La libertad únicamente es personal.
Sustituir una creencia por un ídolo, o el sentimiento de trascendencia por una ideología, no anula ni la creencia ni el sentimiento sino que los pervierten con una burda imitación, un remedo impregnado de atrabilis que busca afianzarse en las mentes y en las conciencias de manera sustitutoria; ocupando el espacio que previamente ha quedado vacío, abandonado.
El deseo del hombre prometeico por encaramarse desoyendo advertencias prudentes a la cima de las realizaciones, aun siendo incapaz de obrarlas y ni siquiera aprenderlas desde su génesis ni a lo largo de su infinita trayectoria. La criatura ingenuamente obstinada, equivocadamente rebelde, criatura de sí misma en el turbulento paritorio de la vanidad, rechaza toda humana limitación, como si ese límite fuera una determinación ajena y contraria a la esencia del ser viviente racional y erecto.
El inmenso mundo que da cabida indistintamente a virtudes y defectos, a sentencias y a especulaciones, es para el hombre configurado a partir de un procedimiento empírico un lugar menor y afectado de atavismo, una mera circunstancia despreciable incapaz de proyectar el futuro.
La ciencia es progreso y el progreso llena cualquier recipiente habitado y colma cualquier anhelo humano con su definición.

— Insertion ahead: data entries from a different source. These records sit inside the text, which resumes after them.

(* Let $(x_n,v_n)\subset GR$ and assume $(x_n,v_n)\to(x_0,v_0)$ in $TE^N=E^N\times E^N$. Then $x_0\in\Omega$.
   Context: $E=\mathbb R^d$, $d\ge2$; $N$ bodies with masses $m_i>0$; mass inner product $\langle x,y\rangle=\sum_i m_i(x_i,y_i)$ on $E^N$ with norm $\|\cdot\|$; $U(x)=\sum_{i<j}\frac{m_im_j}{|x_i-x_j|}$; $\Omega=\{x\in E^N: x_i\ne x_j,\ i\ne j\}$; Newton's equation $\ddot x=\nabla U(x)$; $T\Omega\simeq\Omega\times E^N$. $L(x,v)=\frac12\|v\|^2+U(x)$, $A_h(\gamma)=\int(L(\gamma,\dot\gamma)+h)dt$, $\phi_h(x,y)$ the infimum of $A_h$ over absolutely continuous curves from $x$ to $y$ on compact intervals. A geodesic ray of energy $h\ge0$ is a curve $\gamma:[0,\infty)\to\Omega$ with $A_h(\gamma|_{[s,t]})=\phi_h(\gamma(s),\gamma(t))$ for all $0\le s<t$ (equivalently, after reparametrization, a ray minimizing for the Jacobi–Maupertuis metric $2(h+U)\langle\cdot,\cdot\rangle$). $GR$ is the set of $(x,v)\in T\Omega$ such that the maximal classical solution of Newton's equation with initial datum $(x,v)$ is a geodesic ray; the energy of the datum is $\frac12\|v\|^2-U(x)$. *)

theory Defs
  imports "HOL-Analysis.Analysis"
begin

text \<open>Configurations of N bodies in E = R^d: elements of (real^'d)^'n, where the
  finite type 'n indexes the bodies and 'd the coordinates.  Masses: m :: 'n => real.\<close>

definition mass_inner :: "('n::finite \<Rightarrow> real) \<Rightarrow> (real^'d)^'n \<Rightarrow> (real^'d)^'n \<Rightarrow> real" where
  "mass_inner m x y = (\<Sum>i\<in>UNIV. m i * ((x $ i) \<bullet> (y $ i)))"

definition mass_norm2 :: "('n::finite \<Rightarrow> real) \<Rightarrow> (real^'d)^'n \<Rightarrow> real" where
  "mass_norm2 m v = mass_inner m v v"

text \<open>Newtonian potential U(x) = sum over i<j of m_i m_j / |x_i - x_j|
  (sum over unordered pairs of distinct bodies).\<close>
definition potential :: "('n::finite \<Rightarrow> real) \<Rightarrow> (real^'d)^'n \<Rightarrow> real" where
  "potential m x = (\<Sum>p\<in>{(i,j). i \<noteq> j}. m (fst p) * m (snd p) / norm (x $ fst p - x $ snd p)) / 2"

definition Omega :: "((real^'d)^'n::finite) set" where
  "Omega = {x. \<forall>i j. i \<noteq> j \<longrightarrow> x $ i \<noteq> x $ j}"

definition potential_ext :: "('n::finite \<Rightarrow> real) \<Rightarrow> (real^'d)^'n \<Rightarrow> ennreal" where
  "potential_ext m x = (if x \<in> Omega then ennreal (potential m x) else \<infinity>)"

definition abs_cont_on :: "real \<Rightarrow> real \<Rightarrow> (real \<Rightarrow> 'a::real_normed_vector) \<Rightarrow> bool" where
  "abs_cont_on a b \<gamma> \<longleftrightarrow>
     (\<forall>\<epsilon>>0. \<exists>\<delta>>0. \<forall>(n::nat) (s::nat\<Rightarrow>real) t.
        (\<forall>i<n. a \<le> s i \<and> s i \<le> t i \<and> t i \<le> b) \<and>
        (\<forall>i<n. \<forall>j<n. i \<noteq> j \<longrightarrow> t i \<le> s j \<or> t j \<le> s i) \<and>
        (\<Sum>i<n. t i - s i) < \<delta> \<longrightarrow>
        (\<Sum>i<n. norm (\<gamma> (t i) - \<gamma> (s i))) < \<epsilon>)"

definition action :: "('n::finite \<Rightarrow> real) \<Rightarrow> real \<Rightarrow> real \<Rightarrow> real \<Rightarrow> (real \<Rightarrow> (real^'d)^'n) \<Rightarrow> ennreal" where
  "action m h a b \<gamma> =
     (\<integral>\<^sup>+ t\<in>{a..b}. ennreal (mass_norm2 m (vector_derivative \<gamma> (at t within {a..b})) / 2 + h)
                     + potential_ext m (\<gamma> t) \<partial>lborel)"

definition phi :: "('n::finite \<Rightarrow> real) \<Rightarrow> real \<Rightarrow> (real^'d)^'n \<Rightarrow> (real^'d)^'n \<Rightarrow> ennreal" where
  "phi m h x y = (INF c \<in> {(a, b, \<gamma>). a \<le> b \<and> abs_cont_on a b \<gamma> \<and> \<gamma> a = x \<and> \<gamma> b = y}.
                    (case c of (a, b, \<gamma>) \<Rightarrow> action m h a b \<gamma>))"

definition geodesic_ray :: "('n::finite \<Rightarrow> real) \<Rightarrow> real \<Rightarrow> (real \<Rightarrow> (real^'d)^'n) \<Rightarrow> bool" where
  "geodesic_ray m h \<gamma> \<longleftrightarrow> 0 \<le> h \<and> (\<forall>t\<ge>0. \<gamma> t \<in> Omega) \<and>
     (\<forall>s t. 0 \<le> s \<and> s < t \<longrightarrow>
        abs_cont_on s t \<gamma> \<and> action m h s t \<gamma> = phi m h (\<gamma> s) (\<gamma> t))"

definition energy :: "('n::finite \<Rightarrow> real) \<Rightarrow> (real^'d)^'n \<Rightarrow> (real^'d)^'n \<Rightarrow> real" where
  "energy m x v = mass_norm2 m v / 2 - potential m x"

text \<open>Classical forward solution of Newton's equation xdd = grad U(x) on [0,oo), staying in
  Omega, where grad is taken w.r.t. the mass inner product:
  DU(x) y = <grad U(x), y> for all y.\<close>
definition newton_solution_fwd :: "('n::finite \<Rightarrow> real) \<Rightarrow> (real \<Rightarrow> (real^'d)^'n) \<Rightarrow> bool" where
  "newton_solution_fwd m \<gamma> \<longleftrightarrow> (\<exists>\<gamma>' \<gamma>''.
     \<forall>t\<ge>0. \<gamma> t \<in> Omega \<and>
       (\<gamma> has_vector_derivative \<gamma>' t) (at t within {0..}) \<and>
       (\<gamma>' has_vector_derivative \<gamma>'' t) (at t within {0..}) \<and>
       (potential m has_derivative (\<lambda>y. mass_inner m (\<gamma>'' t) y)) (at (\<gamma> t)))"

text \<open>GR: initial data (x,v) in T Omega whose (maximal) solution of Newton's equation is a
  geodesic ray of energy 1/2|v|^2 - U(x).  By uniqueness of solutions this is equivalent to the
  existence of a forward solution on [0,oo) with this datum that is a geodesic ray.\<close>
definition GR :: "('n::finite \<Rightarrow> real) \<Rightarrow> (((real^'d)^'n) \<times> ((real^'d)^'n)) set" where
  "GR m = {(x, v). x \<in> Omega \<and> (\<exists>\<gamma>. newton_solution_fwd m \<gamma> \<and> \<gamma> 0 = x \<and>
       (\<gamma> has_vector_derivative v) (at 0 within {0..}) \<and>
       geodesic_ray m (energy m x v) \<gamma>)}"

end

theory Submission
  imports Defs
begin

text \<open>A datum in GR has nonnegative energy, so U(x) is bounded by the kinetic energy
  |v|^2/2, which stays bounded along a convergent sequence of data.  But U, bounded below by
  the contribution of any single pair of bodies, blows up as a configuration approaches a
  collision.\<close>

lemma potential_ge_pair_term:
  fixes m :: "'n::finite \<Rightarrow> real" and x :: "(real^'d)^'n"
  assumes "\<And>a. m a > 0" and "i \<noteq> j"
  shows "m i * m j / norm (x $ i - x $ j) / 2 \<le> potential m x"
proof -
  let ?term = "\<lambda>p. m (fst p) * m (snd p) / norm (x $ fst p - x $ snd p)"
  have "0 \<le> ?term p" for p
    using assms(1)[of "fst p"] assms(1)[of "snd p"] by simp
  then have "?term (i, j) \<le> (\<Sum>p\<in>{(a, b). a \<noteq> b}. ?term p)"
    by (intro member_le_sum) (use assms(2) in auto)
  then show ?thesis
    unfolding potential_def by simp
qed

lemma potential_le_kinetic_if_GR:
  fixes x v :: "(real^'d)^'n::finite"
  assumes "(x, v) \<in> GR m"
  shows "potential m x \<le> mass_norm2 m v / 2"
proof -
  from assms have "\<exists>\<gamma> :: real \<Rightarrow> (real^'d)^'n. geodesic_ray m (energy m x v) \<gamma>"
    unfolding GR_def by auto
  then have "0 \<le> energy m x v"
    unfolding geodesic_ray_def by auto
  then show ?thesis
    unfolding energy_def by simp
qed

lemma tendsto_mass_norm2:
  fixes m :: "'n::finite \<Rightarrow> real" and f :: "'a \<Rightarrow> (real^'d)^'n"
  assumes "(f \<longlongrightarrow> v) F"
  shows "((\<lambda>t. mass_norm2 m (f t)) \<longlongrightarrow> mass_norm2 m v) F"
  unfolding mass_norm2_def mass_inner_def
  by (intro tendsto_sum tendsto_mult_left tendsto_inner tendsto_vec_nth assms)

lemma potential_tendsto_at_top_at_collision:
  fixes m :: "'n::finite \<Rightarrow> real" and f :: "'a \<Rightarrow> (real^'d)^'n"
  assumes "\<And>a. m a > 0"
    and "(f \<longlongrightarrow> x0) F"
    and "x0 \<notin> Omega"
    and "eventually (\<lambda>t. f t \<in> Omega) F"
  shows "LIM t F. potential m (f t) :> at_top"
proof -
  obtain i j where "i \<noteq> j" and collision: "x0 $ i = x0 $ j"
    using assms(3) unfolding Omega_def by auto
  define dist_ij where "dist_ij t = norm (f t $ i - f t $ j)" for t
  have "(dist_ij \<longlongrightarrow> norm (x0 $ i - x0 $ j)) F"
    unfolding dist_ij_def by (intro tendsto_intros assms(2))
  then have "(dist_ij \<longlongrightarrow> 0) F"
    using collision by simp
  moreover have "eventually (\<lambda>t. 0 < dist_ij t) F"
    using assms(4) by eventually_elim (use \<open>i \<noteq> j\<close> in \<open>auto simp: dist_ij_def Omega_def\<close>)
  ultimately have "LIM t F. inverse (dist_ij t) :> at_top"
    by (rule filterlim_inverse_at_top)
  then have "LIM t F. m i * m j / 2 * inverse (dist_ij t) :> at_top"
    using assms(1)[of i] assms(1)[of j]
    by (intro filterlim_tendsto_pos_mult_at_top[OF tendsto_const]) simp_all
  moreover have "\<forall>t. m i * m j / 2 * inverse (dist_ij t) \<le> potential m (f t)"
  proof
    fix t
    have "m i * m j / 2 * inverse (dist_ij t) = m i * m j / dist_ij t / 2"
      by (simp add: inverse_eq_divide)
    also have "\<dots> \<le> potential m (f t)"
      unfolding dist_ij_def by (rule potential_ge_pair_term[OF assms(1) \<open>i \<noteq> j\<close>])
    finally show "m i * m j / 2 * inverse (dist_ij t) \<le> potential m (f t)" .
  qed
  ultimately show ?thesis
    by (blast intro: filterlim_at_top_mono always_eventually)
qed

theorem lemma3p1:
  fixes m :: "'n::finite \<Rightarrow> real"
    and xs vs :: "nat \<Rightarrow> (real^'d)^'n"
    and x0 v0 :: "(real^'d)^'n"
  assumes "CARD('d) \<ge> 2"
    and "\<And>i. m i > 0"
    and "\<And>k. (xs k, vs k) \<in> GR m"
    and "(\<lambda>k. (xs k, vs k)) \<longlonglongrightarrow> (x0, v0)"
  shows "x0 \<in> Omega"
proof (rule ccontr)
  assume "x0 \<notin> Omega"
  have "xs \<longlonglongrightarrow> x0" and "vs \<longlonglongrightarrow> v0"
    using tendsto_fst[OF assms(4)] tendsto_snd[OF assms(4)] by simp_all
  have "\<forall>k. xs k \<in> Omega"
    using assms(3) unfolding GR_def by blast
  then have "LIM k sequentially. potential m (xs k) :> at_top"
    using potential_tendsto_at_top_at_collision[OF assms(2) \<open>xs \<longlonglongrightarrow> x0\<close> \<open>x0 \<notin> Omega\<close>] by simp
  then have "LIM k sequentially. mass_norm2 m (vs k) / 2 :> at_top"
    by (rule filterlim_at_top_mono) (intro always_eventually allI potential_le_kinetic_if_GR assms(3))
  moreover have "(\<lambda>k. mass_norm2 m (vs k) / 2) \<longlonglongrightarrow> mass_norm2 m v0 / 2"
    by (intro tendsto_divide tendsto_const tendsto_mass_norm2 \<open>vs \<longlonglongrightarrow> v0\<close>) simp
  ultimately show False
    using not_tendsto_and_filterlim_at_infinity[OF sequentially_bot]
          filterlim_at_top_imp_at_infinity by blast
qed

end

Un solo concepto basta para alcanzar la dicha terrenal: el de progreso, principio y final del ciclo de la vida, figura perfecta, concluida, pensamiento único, absoluto.
Irónico.
Nadie hasta la fecha —vaya usted a saber dentro de cuatro mil millones de años, en puertas de la despedida, cuando la Tierra reciba la máxima expresión ígnea del Sol— puede prescindir de valores absolutos —a un lado los juegos de palabras y los divertimentos de salón—, es una evidencia; de ahí que los rectores del orden desenraizado, al tanto de las necesidades dirimentes y del enorme peligro desestabilizador que supone el vacío, tiendan a recrearlos concibiendo ideologías sustentadas en el efectivo aparato propagandista: dicho y repetido.
El recambio está servido, el ídolo cocinado y puesto en bandeja aderezado con focos y micrófonos. Por detrás, a resguardo, muñendo e ideando, están los que manejan los hilos del locuaz, dinámico y agudo títere.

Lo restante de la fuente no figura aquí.